Go ahead with the vege, just do them on different skewers, onions together and peppers together. heck if you don't need the whole leg for the one meal, grind some for shepherd's pie or moussaka.


----------



## Andy M. (Sep 9, 2016)

CraigC said:


> Go ahead with the vege, just do them on different skewers, onions together and peppers together. heck if you don't need the whole leg for the one meal, grind some for shepherd's pie or moussaka.



When I do lamb shish kebab, I roast whole onions, peppers and tomatoes on the grill.  I put the peppers into a bowl and cover them so the skins steam off.  Then I cut up all these veggies and keep them hot while I grill the lamb kebabs.


----------



## Chief Longwind Of The North (Apr 27, 2017)

I love lamb, but unlike many, I enjoy the slightly gamey flavor,, and so, ,lightly season with just salt and pepper.  It seems to me that the mint coating, and powerful herbs and spices are used to eliminate the gaminess of both lamb, and goat.  In any case, I am describing my own preferences.  If you are familiar with lamb preparations, and know how you like it, then by all means, add as many flavors, herbs, and spices as you like.  You might research lamb recipes, including brines and marinades, here on DC, and on Google.  I know that many Greek recipes use wonderful flavor combinations to compliment the natural flavor of the meat.  My on,you caution is to not copy the actions of the main cracter in the movie where she muders her husband with a froZen leg of lamb, and then invites freids, and family to a picnic to enjoy a leg of barbecued amb, which of couse, gets rid of the murder weapon (oh My! ).

And yes, I know that I am a bit crazy. Muhwahahahaha!

Seeya; Chief Longwind of the North


----------



## Steve Kroll (Apr 27, 2017)

Chief Longwind Of The North said:


> I love lamb, but unlike many, I enjoy the slightly gamey flavor...

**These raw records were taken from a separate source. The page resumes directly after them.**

(* Let $x\in\mathbb X$ with $\mathcal R(x)=\inf\{\mathcal R(z):z\in\mathbb X,\ Az=Ax\}$. Then $$\varrho_1(x)=\inf\{\|\omega\|_{\mathbb Y}:\omega\in\mathbb Y,\ A^*\omega\in\partial\mathcal R(x)\}\quad(\inf\emptyset=\infty).$$ Moreover, if this quantity is finite and $x_\alpha\in R_\alpha(Ax)$, $\alpha>0$, is any selection, then $\frac1\alpha(Ax-Ax_\alpha)$ converges weakly in $\mathbb Y$ as $\alpha\searrow0$ to the unique $\omega\in\mathbb Y$ with $A^*\omega\in\partial\mathcal R(x)$ and $\|\omega\|_{\mathbb Y}=\varrho_1(x)$.
   Context: Standing setting: $\mathbb X$ real Banach space, $\tau$ a topology with $(\mathbb X,\tau)$ locally convex Hausdorff; $\mathcal R:\mathbb X\to(-\infty,\infty]$ proper convex with $\tau$-compact sublevel sets; $\mathbb Y$ real Hilbert space; $A:\mathbb X\to\mathbb Y$ linear, $\tau$-to-weak continuous. $T_\alpha(x,g):=\frac1{2\alpha}\|g-Ax\|_{\mathbb Y}^2+\mathcal R(x)$, $R_\alpha(g):=\operatorname{argmin}_{x\in\mathrm{dom}(\mathcal R)}T_\alpha(x,g)$, $\varrho_1(x):=\sup\{\alpha^{-1}\|Ax-Ax_\alpha\|_{\mathbb Y}:\alpha>0,x_\alpha\in R_\alpha(Ax)\}$. The notation $A^*\omega\in\partial\mathcal R(x)$ means $\mathcal R(z)\ge\mathcal R(x)+\langle\omega,A(z-x)\rangle_{\mathbb Y}$ for all $z\in\mathbb X$. *)

theory Defs
  imports "HOL-Analysis.Analysis"
begin

definition weak_top :: "'b::real_inner topology" where
  "weak_top = topology_generated_by {{y. inner y w \<in> V} | w V. open (V :: real set)}"

definition locally_convex_hausdorff :: "'a::real_vector topology \<Rightarrow> bool" where
  "locally_convex_hausdorff tau \<longleftrightarrow>
     topspace tau = UNIV \<and> Hausdorff_space tau \<and>
     continuous_map (prod_topology tau tau) tau (\<lambda>(x, y). x + y) \<and>
     continuous_map (prod_topology euclideanreal tau) tau (\<lambda>(t, x). t *\<^sub>R x) \<and>
     (\<forall>x U. openin tau U \<and> x \<in> U \<longrightarrow> (\<exists>V. openin tau V \<and> convex V \<and> x \<in> V \<and> V \<subseteq> U))"

definition proper_convex :: "('a::real_vector \<Rightarrow> ereal) \<Rightarrow> bool" where
  "proper_convex R \<longleftrightarrow>
     (\<forall>x. R x \<noteq> -\<infinity>) \<and> (\<exists>x. R x \<noteq> \<infinity>) \<and>
     (\<forall>x y t. 0 < t \<and> t < 1 \<longrightarrow>
        R (t *\<^sub>R x + (1 - t) *\<^sub>R y) \<le> ereal t * R x + ereal (1 - t) * R y)"

definition dom_R :: "('a \<Rightarrow> ereal) \<Rightarrow> 'a set" where
  "dom_R R = {x. R x \<noteq> \<infinity>}"

definition Tik :: "('a \<Rightarrow> 'b::real_normed_vector) \<Rightarrow> ('a \<Rightarrow> ereal) \<Rightarrow> real \<Rightarrow> 'a \<Rightarrow> 'b \<Rightarrow> ereal" where
  "Tik A R \<alpha> x g = ereal (norm (g - A x)^2 / (2 * \<alpha>)) + R x"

I enjoy it, too. The lamb I was brought up on came from slightly more mature animals, and was a little stronger flavored than most supermarket lamb these days. On another thread here recently someone mentioned Australian lamb being a little gamier - and I agree. I'll sometimes buy imported lamb for that reason. However, most of my lamb comes from a farmer in Wisconsin, and his animals tend to be a little more mature, as well. Just the way I like it.


----------